Как сложилась бы литературная судьба Эренбурга, не прими он в 1931 году в Париже решение «занять место в боевом порядке» и стать «советским писателем»? Ответ очевиден — писателя, продолжай он сочинение сатирических романов, окончательно перестали бы печатать в СССР, а следом, надо думать, как минимум лишили бы гражданства. Как уже было сказано, все это означало бы «литературную смерть» писателя Ильи Эренбурга. Что касается гитлеровской оккупации Европы, то она неминуемо несла бы Эренбургу смерть физическую…
С книгой «День второй» действительно традиционно и справедливо связывают начало нового этапа в творчестве Эренбурга, хотя некие идейные сдвиги различимы уже в двух его книгах, написанных в начале 1932 года («Испания» и «Москва слезам не верит»).

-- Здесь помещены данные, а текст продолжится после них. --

(* Let $\Theta$ and $R$ be finite sets and $s_1:\Theta\to\Delta(R)$. Then $s_1$ is monotone with respect to some pair of total orders $(\succsim_\Theta,\succsim_R)$ if and only if the bipartite graph $G(s_1)$ is acyclic and does not contain a forbidden triple.
   Context: $s_1$ is monotone w.r.t. total orders $(\succsim_\Theta,\succsim_R)$ if for any $\theta\succ\theta'$, $r\in\mathrm{supp}(s_1(\theta))$, $r'\in\mathrm{supp}(s_1(\theta'))$, one has $r\succsim r'$. $G(s_1)$ is the bipartite graph with vertex classes $\Theta$ and $R$ in which $\theta$ and $r$ are joined iff $r\in\mathrm{supp}(s_1(\theta))$. A forbidden triple for $s_1$ is either (1) three distinct $r_1,r_2,r_3\in R$ and four distinct $\theta_1,\dots,\theta_4\in\Theta$ with $r_k\in\mathrm{supp}(s_1(\theta_k))$ for $k=1,2,3$ and $\{r_1,r_2,r_3\}\subset\mathrm{supp}(s_1(\theta_4))$; or (2) three distinct $\theta_1,\theta_2,\theta_3\in\Theta$ and four distinct $r_1,\dots,r_4\in R$ with $\{r_k,r_4\}\subset\mathrm{supp}(s_1(\theta_k))$ for $k=1,2,3$. *)

theory Defs
  imports "HOL-Probability.Probability_Mass_Function"
begin

text \<open>A total order on a type is a relation le with linear_order_on UNIV le,
 where (x, y) in le means x is below-or-equal y (y \<succsim> x).\<close>

definition monotone_wrt :: "('t \<Rightarrow> 'r pmf) \<Rightarrow> ('t \<times> 't) set \<Rightarrow> ('r \<times> 'r) set \<Rightarrow> bool" where
  "monotone_wrt s1 leT leR \<longleftrightarrow>
     (\<forall>\<theta> \<theta>' r r'. (\<theta>', \<theta>) \<in> leT \<and> \<theta> \<noteq> \<theta>' \<and> r \<in> set_pmf (s1 \<theta>) \<and> r' \<in> set_pmf (s1 \<theta>')
        \<longrightarrow> (r', r) \<in> leR)"

definition G_adj :: "('t \<Rightarrow> 'r pmf) \<Rightarrow> ('t + 'r) \<Rightarrow> ('t + 'r) \<Rightarrow> bool" where
  "G_adj s1 u v \<longleftrightarrow>
     (\<exists>\<theta> r. r \<in> set_pmf (s1 \<theta>) \<and> ((u = Inl \<theta> \<and> v = Inr r) \<or> (u = Inr r \<and> v = Inl \<theta>)))"

definition is_cycle :: "('a \<Rightarrow> 'a \<Rightarrow> bool) \<Rightarrow> 'a list \<Rightarrow> bool" where
  "is_cycle adj vs \<longleftrightarrow> length vs \<ge> 3 \<and> distinct vs \<and>
     (\<forall>i < length vs. adj (vs ! i) (vs ! ((i + 1) mod length vs)))"

definition G_acyclic :: "('t \<Rightarrow> 'r pmf) \<Rightarrow> bool" where
  "G_acyclic s1 \<longleftrightarrow> \<not> (\<exists>vs. is_cycle (G_adj s1) vs)"

definition has_forbidden_triple :: "('t \<Rightarrow> 'r pmf) \<Rightarrow> bool" where
  "has_forbidden_triple s1 \<longleftrightarrow>
     (\<exists>r1 r2 r3 \<theta>1 \<theta>2 \<theta>3 \<theta>4.
        distinct [r1, r2, r3] \<and> distinct [\<theta>1, \<theta>2, \<theta>3, \<theta>4] \<and>
        r1 \<in> set_pmf (s1 \<theta>1) \<and> r2 \<in> set_pmf (s1 \<theta>2) \<and> r3 \<in> set_pmf (s1 \<theta>3) \<and>
        {r1, r2, r3} \<subseteq> set_pmf (s1 \<theta>4))
   \<or> (\<exists>\<theta>1 \<theta>2 \<theta>3 r1 r2 r3 r4.
        distinct [\<theta>1, \<theta>2, \<theta>3] \<and> distinct [r1, r2, r3, r4] \<and>
        {r1, r4} \<subseteq> set_pmf (s1 \<theta>1) \<and> {r2, r4} \<subseteq> set_pmf (s1 \<theta>2) \<and>
        {r3, r4} \<subseteq> set_pmf (s1 \<theta>3))"

end

(*
  Linear orders on the finite types are handled as injective ranks into nat; s1 is monotone
  iff the support of a lower-ranked type lies weakly below that of a higher-ranked one.

  Necessity: on a cycle of G(s1), the type of largest rank has two distinct neighbours on the
  cycle, each of which is also in the support of a lower-ranked type, so monotonicity puts each
  of them below the other.  Forbidden triples only need pairwise separation of the supports: a
  point shared by two supports is an endpoint of both, a support has only two endpoints, and two
  supports sharing r4 lie on opposite sides of it.

  Sufficiency: rank R by adding the supports one at a time, keeping them pairwise separated and
  each an interval of their union.  In a forest some type shares at most one point r0 with the
  other supports; after normalising the ranking so that r0 is an endpoint (if the new support
  has further points: the top) of every support containing it, the new points are inserted as a
  block right after r0.  The normalisations are where the absence of forbidden triples is used.
  Finally the types are ranked by the least plus the largest rank in their support.
*)
theory Submission
  imports Defs "HOL-Combinatorics.Transposition"
begin

lemma finite_obtain_max:
  fixes f :: "'a \<Rightarrow> 'b::linorder"
  assumes "finite A" "A \<noteq> {}"
  obtains x where "x \<in> A" "\<And>y. y \<in> A \<Longrightarrow> f y \<le> f x"
proof -
  have "Max (f ` A) \<in> f ` A" using assms by simp
  then obtain x where "x \<in> A" "f x = Max (f ` A)" by (metis imageE)
  then show thesis using that assms by simp
qed

lemma finite_obtain_min:
  fixes f :: "'a \<Rightarrow> 'b::linorder"
  assumes "finite A" "A \<noteq> {}"
  obtains x where "x \<in> A" "\<And>y. y \<in> A \<Longrightarrow> f x \<le> f y"
proof -
  have "Min (f ` A) \<in> f ` A" using assms by simp
  then obtain x where "x \<in> A" "f x = Min (f ` A)" by (metis imageE)
  then show thesis using that assms by simp
qed

lemma linear_order_on_rank:
  fixes f :: "'a \<Rightarrow> 'b::linorder"
  assumes "inj f"
  shows "linear_order_on UNIV {(x, y). f x \<le> f y}"
  unfolding linear_order_on_def partial_order_on_def preorder_on_def
proof (intro conjI)
  show "{(x, y). f x \<le> f y} \<subseteq> UNIV \<times> UNIV" by simp
  show "refl_on UNIV {(x, y). f x \<le> f y}" unfolding refl_on_def by simp
  show "trans {(x, y). f x \<le> f y}" unfolding trans_on_def by (auto intro: order_trans)
  show "antisym {(x, y). f x \<le> f y}" unfolding antisym_on_def using assms by (simp add: injD)
  show "total_on UNIV {(x, y). f x \<le> f y}" unfolding total_on_def by auto
qed

lemma linear_order_on_UNIV_ex_rank:
  fixes le :: "('a::finite \<times> 'a) set"
  assumes "linear_order_on UNIV le"
  shows "\<exists>f :: 'a \<Rightarrow> nat. inj f \<and> le = {(x, y). f x \<le> f y}"
proof -
  have lin: "refl_on UNIV le" "trans le" "antisym le" "total_on UNIV le"
    using assms unfolding linear_order_on_def partial_order_on_def preorder_on_def by auto
  define f where "f x = card {z. (z, x) \<in> le}" for x
  have le_f: "f x \<le> f y" if "(x, y) \<in> le" for x y
    unfolding f_def using that transD[OF lin(2)] by (intro card_mono) auto
  have less_f: "f y < f x" if "(x, y) \<notin> le" for x y
  proof -
    have "(x, x) \<in> le" using refl_onD[OF lin(1)] by simp
    then have "(y, x) \<in> le" using lin(4) that unfolding total_on_def by (metis UNIV_I)
    then have sub: "{z. (z, y) \<in> le} \<subseteq> {z. (z, x) \<in> le}" using transD[OF lin(2)] by blast
    have "x \<in> {z. (z, x) \<in> le}" "x \<notin> {z. (z, y) \<in> le}" using \<open>(x, x) \<in> le\<close> that by simp_all
    then show ?thesis unfolding f_def using sub by (intro psubset_card_mono) auto
  qed
  have "le = {(x, y). f x \<le> f y}"
    using le_f less_f by (auto simp: not_le[symmetric])
  moreover have "inj f"
    using antisymD[OF lin(3)] le_f less_f by (intro injI) (metis not_le order.refl)
  ultimately show ?thesis by blast
qed

lemma ex_inj_rank_refining:
  fixes k :: "'a::finite \<Rightarrow> nat"
  shows "\<exists>f :: 'a \<Rightarrow> nat. inj f \<and> (\<forall>x y. f x \<le> f y \<longrightarrow> k x \<le> k y)"
proof -
  obtain t :: "'a \<Rightarrow> nat" and n where t: "inj t" "range t = {..<n}"
    using finite_imp_inj_to_nat_seg[of "UNIV :: 'a set"] by (auto simp: lessThan_def)
  have t_less: "t x < n" for x using t(2) by auto
  define f where "f x = k x * n + t x" for x
  have k_div: "f x div n = k x" and t_mod: "f x mod n = t x" for x
    using t_less[of x] unfolding f_def by simp_all
  have "inj f"
  proof (rule injI)
    fix x y assume "f x = f y"
    then have "t x = t y" using t_mod by metis
    then show "x = y" using t(1) by (simp add: inj_eq)
  qed
  moreover have "k x \<le> k y" if "f x \<le> f y" for x y
    using div_le_mono[OF that, of n] k_div by simp
  ultimately show ?thesis by blast
qed

definition rank_monotone ::
    "('t \<Rightarrow> 'r set) \<Rightarrow> ('t \<Rightarrow> 'a::linorder) \<Rightarrow> ('r \<Rightarrow> 'b::linorder) \<Rightarrow> bool" where
  "rank_monotone A f g \<longleftrightarrow>
     (\<forall>\<theta> \<theta>' r r'. f \<theta>' < f \<theta> \<longrightarrow> r \<in> A \<theta> \<longrightarrow> r' \<in> A \<theta>' \<longrightarrow> g r' \<le> g r)"

definition separated_on :: "'t set \<Rightarrow> ('t \<Rightarrow> 'r set) \<Rightarrow> ('r \<Rightarrow> 'b::linorder) \<Rightarrow> bool" where
  "separated_on T A p \<longleftrightarrow> (\<forall>\<theta>\<in>T. \<forall>\<theta>'\<in>T. \<theta> \<noteq> \<theta>' \<longrightarrow>
     (\<forall>a\<in>A \<theta>. \<forall>b\<in>A \<theta>'. p a \<le> p b) \<or> (\<forall>a\<in>A \<theta>. \<forall>b\<in>A \<theta>'. p b \<le> p a))"

lemma monotone_wrt_rank_iff:
  assumes "inj f" "inj g"
  shows "monotone_wrt s1 {(x, y). f x \<le> f y} {(a, b). g a \<le> g b} \<longleftrightarrow>
    rank_monotone (set_pmf \<circ> s1) f g"
  unfolding monotone_wrt_def rank_monotone_def using assms by (auto simp: inj_eq less_le)

lemma monotone_wrt_ex_iff_rank_monotone:
  fixes s1 :: "'t::finite \<Rightarrow> 'r::finite pmf"
  shows "(\<exists>leT leR. linear_order_on UNIV leT \<and> linear_order_on UNIV leR \<and> monotone_wrt s1 leT leR)
    \<longleftrightarrow> (\<exists>(f :: 't \<Rightarrow> nat) (g :: 'r \<Rightarrow> nat). inj f \<and> inj g \<and> rank_monotone (set_pmf \<circ> s1) f g)"
proof
  assume "\<exists>leT leR. linear_order_on UNIV leT \<and> linear_order_on UNIV leR \<and> monotone_wrt s1 leT leR"
  then obtain leT leR where lin: "linear_order_on UNIV leT" "linear_order_on UNIV leR"
    and "monotone_wrt s1 leT leR"
    by blast
  obtain f :: "'t \<Rightarrow> nat" where f: "inj f" "leT = {(x, y). f x \<le> f y}"
    using linear_order_on_UNIV_ex_rank[OF lin(1)] by blast
  obtain g :: "'r \<Rightarrow> nat" where g: "inj g" "leR = {(a, b). g a \<le> g b}"
    using linear_order_on_UNIV_ex_rank[OF lin(2)] by blast
  have "rank_monotone (set_pmf \<circ> s1) f g"
    using \<open>monotone_wrt s1 leT leR\<close> monotone_wrt_rank_iff[OF f(1) g(1)] f(2) g(2) by simp
  with f(1) g(1)
  show "\<exists>(f :: 't \<Rightarrow> nat) (g :: 'r \<Rightarrow> nat). inj f \<and> inj g \<and> rank_monotone (set_pmf \<circ> s1) f g"
    by blast
next
  assume "\<exists>(f :: 't \<Rightarrow> nat) (g :: 'r \<Rightarrow> nat). inj f \<and> inj g \<and> rank_monotone (set_pmf \<circ> s1) f g"
  then obtain f :: "'t \<Rightarrow> nat" and g :: "'r \<Rightarrow> nat"
    where "inj f" "inj g" "rank_monotone (set_pmf \<circ> s1) f g"
    by blast
  then have "monotone_wrt s1 {(x, y). f x \<le> f y} {(a, b). g a \<le> g b}"
    using monotone_wrt_rank_iff by blast
  then show "\<exists>leT leR. linear_order_on UNIV leT \<and> linear_order_on UNIV leR \<and> monotone_wrt s1 leT leR"
    using linear_order_on_rank[OF \<open>inj f\<close>] linear_order_on_rank[OF \<open>inj g\<close>] by blast
qed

Летом 1932 года Эренбург принял приглашение газеты «Известия» (почти за два года до того, как Н. И. Бухарин стал ее главным редактором) быть ее корреспондентом в Париже. Журналистика, однако, не могла изменить в глазах советского руководства его писательскую репутацию — нужен был роман, который недвусмысленно показал бы изменение его позиции. Эренбург понял, что без книги о советской жизни, о том новом, что происходит в стране, его план неосуществим. В этом смысле ему тогда естественно было писать о молодежи на большой стройке. Так снова возникла мысль о поездке на Урал и в Сибирь, но теперь уже адресная — на их большие стройки. Эта мысль, в самом деле, приходила к Эренбургу и раньше — еще в январе 1926-го он писал Полонской: «Что ты думаешь о мыслимости как моральной, так и материальной (оплачивая „вечерами“) поездки Урал — Сибирь? Я отсюда ничего определить не могу» [374] . Но тогда это было проявление эренбурговской страсти к путешествиям, журналистского желания увидеть новые края и события. Теперь план поездки приобретал черты куда более ответственные.
374
П1. С. 480.
В августе 1932 года Эренбург приехал в Москву, чтобы совершить поездку в Сибирь и на Урал без антрепренера, как это было бы в 1926-м, но с командировкой «Известий» и с задачей написать книгу о стройке. В Париже перед отъездом он, конечно, рассказывал о своих планах друзьям и знакомым, и Евгений Замятин с нескрываемой иронией сообщал 1 августа с юга Франции, где отдыхал, в Питер серапионовской подружке З. А. Никитиной: «Анатоль Эренбург едет в двухмесячный отпуск в Москву и на Урал: всякому своя Ривьера» [375] .
375
Новый мир. 1996. № 10. С. 144. Здесь Анатоль — это намек на Анатоля Франса (не один Замятин ошибочно считал, что Эренбург находится под его влиянием), как в письме перед этими словами в прозвище «Ромэн Федин» был намек на влияние Ромена Роллана на Федина.